= EXERCISE DIRECTIONS =
For the material below, return exactly the lines starting at the line containing "(cinner x y)" and ending at the line containing "cinner x x - t", both ends included, and no others.

[[ INPUT RECORDS, beginning ]]

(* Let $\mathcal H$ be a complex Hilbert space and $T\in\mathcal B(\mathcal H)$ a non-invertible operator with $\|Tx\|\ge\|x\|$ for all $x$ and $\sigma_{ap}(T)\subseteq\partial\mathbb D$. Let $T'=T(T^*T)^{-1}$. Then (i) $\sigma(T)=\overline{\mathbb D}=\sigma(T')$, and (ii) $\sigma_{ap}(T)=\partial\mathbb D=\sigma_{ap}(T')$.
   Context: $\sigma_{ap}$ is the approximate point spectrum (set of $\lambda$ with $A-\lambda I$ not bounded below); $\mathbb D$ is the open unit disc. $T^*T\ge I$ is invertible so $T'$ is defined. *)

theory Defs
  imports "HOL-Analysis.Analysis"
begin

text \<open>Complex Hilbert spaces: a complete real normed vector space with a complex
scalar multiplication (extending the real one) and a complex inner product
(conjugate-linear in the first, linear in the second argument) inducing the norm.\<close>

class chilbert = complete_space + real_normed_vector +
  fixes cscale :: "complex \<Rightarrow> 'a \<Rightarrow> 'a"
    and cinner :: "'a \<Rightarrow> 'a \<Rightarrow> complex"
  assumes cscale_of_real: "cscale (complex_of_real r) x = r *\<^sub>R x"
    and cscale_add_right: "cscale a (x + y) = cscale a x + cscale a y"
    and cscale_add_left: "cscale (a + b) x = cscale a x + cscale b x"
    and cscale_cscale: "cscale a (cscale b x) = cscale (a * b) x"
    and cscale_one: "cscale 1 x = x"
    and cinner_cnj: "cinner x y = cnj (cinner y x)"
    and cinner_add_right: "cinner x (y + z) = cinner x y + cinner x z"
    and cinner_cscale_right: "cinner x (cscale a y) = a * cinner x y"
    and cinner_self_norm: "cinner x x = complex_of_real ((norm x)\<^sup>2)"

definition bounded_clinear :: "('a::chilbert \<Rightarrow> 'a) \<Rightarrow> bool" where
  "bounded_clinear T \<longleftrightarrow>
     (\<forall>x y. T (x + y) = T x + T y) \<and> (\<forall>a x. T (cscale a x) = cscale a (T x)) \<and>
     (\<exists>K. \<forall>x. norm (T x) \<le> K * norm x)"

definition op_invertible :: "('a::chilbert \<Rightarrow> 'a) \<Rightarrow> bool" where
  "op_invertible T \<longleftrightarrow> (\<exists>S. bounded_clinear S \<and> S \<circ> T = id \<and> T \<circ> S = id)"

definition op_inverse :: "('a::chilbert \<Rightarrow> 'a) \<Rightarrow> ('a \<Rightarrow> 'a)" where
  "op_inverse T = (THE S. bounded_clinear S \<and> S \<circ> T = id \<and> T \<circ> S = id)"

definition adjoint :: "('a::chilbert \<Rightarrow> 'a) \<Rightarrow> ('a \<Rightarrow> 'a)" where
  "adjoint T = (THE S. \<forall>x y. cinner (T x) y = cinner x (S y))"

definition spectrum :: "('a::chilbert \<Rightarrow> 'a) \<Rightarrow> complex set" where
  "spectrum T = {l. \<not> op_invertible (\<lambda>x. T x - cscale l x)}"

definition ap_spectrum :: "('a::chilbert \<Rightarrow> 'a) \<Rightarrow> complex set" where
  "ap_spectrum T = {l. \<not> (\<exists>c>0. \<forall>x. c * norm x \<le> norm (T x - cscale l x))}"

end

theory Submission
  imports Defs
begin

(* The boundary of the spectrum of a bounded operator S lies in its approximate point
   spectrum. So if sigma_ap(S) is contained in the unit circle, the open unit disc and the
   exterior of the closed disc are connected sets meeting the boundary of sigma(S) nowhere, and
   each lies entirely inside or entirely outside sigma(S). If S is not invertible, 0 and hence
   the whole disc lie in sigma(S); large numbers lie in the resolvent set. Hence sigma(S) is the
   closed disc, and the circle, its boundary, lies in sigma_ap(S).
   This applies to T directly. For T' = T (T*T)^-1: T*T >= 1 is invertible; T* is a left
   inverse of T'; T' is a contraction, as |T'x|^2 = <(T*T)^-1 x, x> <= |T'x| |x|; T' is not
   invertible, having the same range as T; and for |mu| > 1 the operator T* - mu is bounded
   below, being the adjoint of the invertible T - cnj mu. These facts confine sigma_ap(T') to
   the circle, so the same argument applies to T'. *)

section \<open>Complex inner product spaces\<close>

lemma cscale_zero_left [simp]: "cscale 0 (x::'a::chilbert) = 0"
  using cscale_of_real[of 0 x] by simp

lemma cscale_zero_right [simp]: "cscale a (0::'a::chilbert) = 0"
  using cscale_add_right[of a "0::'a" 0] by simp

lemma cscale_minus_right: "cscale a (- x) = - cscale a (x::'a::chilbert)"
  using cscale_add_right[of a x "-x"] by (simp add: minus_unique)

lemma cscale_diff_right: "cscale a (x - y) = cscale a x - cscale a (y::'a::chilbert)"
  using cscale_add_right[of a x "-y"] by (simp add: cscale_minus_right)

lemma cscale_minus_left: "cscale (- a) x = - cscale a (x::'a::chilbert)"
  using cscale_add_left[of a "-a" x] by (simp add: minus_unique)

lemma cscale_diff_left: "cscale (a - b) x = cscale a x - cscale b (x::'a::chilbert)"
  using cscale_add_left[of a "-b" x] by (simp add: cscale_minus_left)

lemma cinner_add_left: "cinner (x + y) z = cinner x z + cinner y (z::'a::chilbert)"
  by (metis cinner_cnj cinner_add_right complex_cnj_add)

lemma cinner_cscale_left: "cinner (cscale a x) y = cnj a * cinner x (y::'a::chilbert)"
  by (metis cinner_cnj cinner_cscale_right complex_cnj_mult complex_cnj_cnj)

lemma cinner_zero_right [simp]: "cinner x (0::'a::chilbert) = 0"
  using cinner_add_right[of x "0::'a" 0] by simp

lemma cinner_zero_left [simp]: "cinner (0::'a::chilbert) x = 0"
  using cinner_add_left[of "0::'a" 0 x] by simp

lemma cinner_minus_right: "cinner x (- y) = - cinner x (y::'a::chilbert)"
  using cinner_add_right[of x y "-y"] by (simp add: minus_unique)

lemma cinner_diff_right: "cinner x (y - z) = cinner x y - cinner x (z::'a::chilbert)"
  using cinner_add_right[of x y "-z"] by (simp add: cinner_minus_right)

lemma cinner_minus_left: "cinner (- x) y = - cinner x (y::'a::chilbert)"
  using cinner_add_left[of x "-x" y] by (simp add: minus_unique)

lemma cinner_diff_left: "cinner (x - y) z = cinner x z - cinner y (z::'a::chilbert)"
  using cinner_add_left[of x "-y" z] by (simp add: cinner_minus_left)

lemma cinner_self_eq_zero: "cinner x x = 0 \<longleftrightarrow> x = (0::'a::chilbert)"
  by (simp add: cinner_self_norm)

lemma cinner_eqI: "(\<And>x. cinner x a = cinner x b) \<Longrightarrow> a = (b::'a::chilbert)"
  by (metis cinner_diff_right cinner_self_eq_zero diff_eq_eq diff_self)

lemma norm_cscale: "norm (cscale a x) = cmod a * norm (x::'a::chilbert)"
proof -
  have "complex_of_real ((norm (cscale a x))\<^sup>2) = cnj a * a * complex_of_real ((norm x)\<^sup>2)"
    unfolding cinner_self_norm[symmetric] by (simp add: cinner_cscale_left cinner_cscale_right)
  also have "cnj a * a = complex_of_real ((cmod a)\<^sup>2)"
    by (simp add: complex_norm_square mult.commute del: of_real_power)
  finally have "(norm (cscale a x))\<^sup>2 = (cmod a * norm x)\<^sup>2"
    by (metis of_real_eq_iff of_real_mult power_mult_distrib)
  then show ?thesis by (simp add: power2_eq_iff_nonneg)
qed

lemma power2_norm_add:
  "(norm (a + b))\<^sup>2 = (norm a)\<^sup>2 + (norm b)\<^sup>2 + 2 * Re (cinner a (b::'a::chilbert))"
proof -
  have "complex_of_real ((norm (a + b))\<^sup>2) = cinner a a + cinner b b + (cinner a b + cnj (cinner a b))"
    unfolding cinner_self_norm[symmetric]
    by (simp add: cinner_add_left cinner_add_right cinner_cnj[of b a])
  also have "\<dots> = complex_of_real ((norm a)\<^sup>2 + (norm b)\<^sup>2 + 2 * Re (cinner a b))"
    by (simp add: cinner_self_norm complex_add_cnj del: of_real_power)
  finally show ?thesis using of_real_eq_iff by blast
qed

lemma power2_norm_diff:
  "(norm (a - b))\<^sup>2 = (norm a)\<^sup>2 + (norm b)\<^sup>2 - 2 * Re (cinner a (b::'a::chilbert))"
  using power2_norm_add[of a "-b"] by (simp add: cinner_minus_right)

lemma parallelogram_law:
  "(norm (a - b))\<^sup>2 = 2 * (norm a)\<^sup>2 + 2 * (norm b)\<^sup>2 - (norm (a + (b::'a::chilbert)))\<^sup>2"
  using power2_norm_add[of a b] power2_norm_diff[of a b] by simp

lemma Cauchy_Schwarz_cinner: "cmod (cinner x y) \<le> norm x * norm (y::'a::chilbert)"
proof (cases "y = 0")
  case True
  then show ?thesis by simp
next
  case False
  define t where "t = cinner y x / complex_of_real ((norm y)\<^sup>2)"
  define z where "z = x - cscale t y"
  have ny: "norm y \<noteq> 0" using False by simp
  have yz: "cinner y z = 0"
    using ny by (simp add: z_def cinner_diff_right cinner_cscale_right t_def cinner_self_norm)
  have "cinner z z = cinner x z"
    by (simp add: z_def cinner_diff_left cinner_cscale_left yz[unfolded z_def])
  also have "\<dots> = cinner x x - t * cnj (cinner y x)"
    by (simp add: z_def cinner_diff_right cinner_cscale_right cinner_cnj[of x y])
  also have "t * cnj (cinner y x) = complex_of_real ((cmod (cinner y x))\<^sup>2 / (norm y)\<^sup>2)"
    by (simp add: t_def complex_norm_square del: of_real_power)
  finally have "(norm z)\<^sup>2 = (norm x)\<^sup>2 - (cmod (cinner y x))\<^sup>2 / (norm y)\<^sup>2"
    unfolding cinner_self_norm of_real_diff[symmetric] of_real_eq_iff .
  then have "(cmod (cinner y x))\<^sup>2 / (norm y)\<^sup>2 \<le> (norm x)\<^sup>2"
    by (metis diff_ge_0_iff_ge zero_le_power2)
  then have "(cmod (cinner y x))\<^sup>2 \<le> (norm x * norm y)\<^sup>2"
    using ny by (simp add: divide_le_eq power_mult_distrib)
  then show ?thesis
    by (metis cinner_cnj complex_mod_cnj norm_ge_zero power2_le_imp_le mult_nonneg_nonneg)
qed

[[ INPUT RECORDS, end ]]

= SOLUTION TO THIS TASK =
lemma Cauchy_Schwarz_cinner: "cmod (cinner x y) \<le> norm x * norm (y::'a::chilbert)"
proof (cases "y = 0")
  case True
  then show ?thesis by simp
next
  case False
  define t where "t = cinner y x / complex_of_real ((norm y)\<^sup>2)"
  define z where "z = x - cscale t y"
  have ny: "norm y \<noteq> 0" using False by simp
  have yz: "cinner y z = 0"
    using ny by (simp add: z_def cinner_diff_right cinner_cscale_right t_def cinner_self_norm)
  have "cinner z z = cinner x z"
    by (simp add: z_def cinner_diff_left cinner_cscale_left yz[unfolded z_def])
  also have "\<dots> = cinner x x - t * cnj (cinner y x)"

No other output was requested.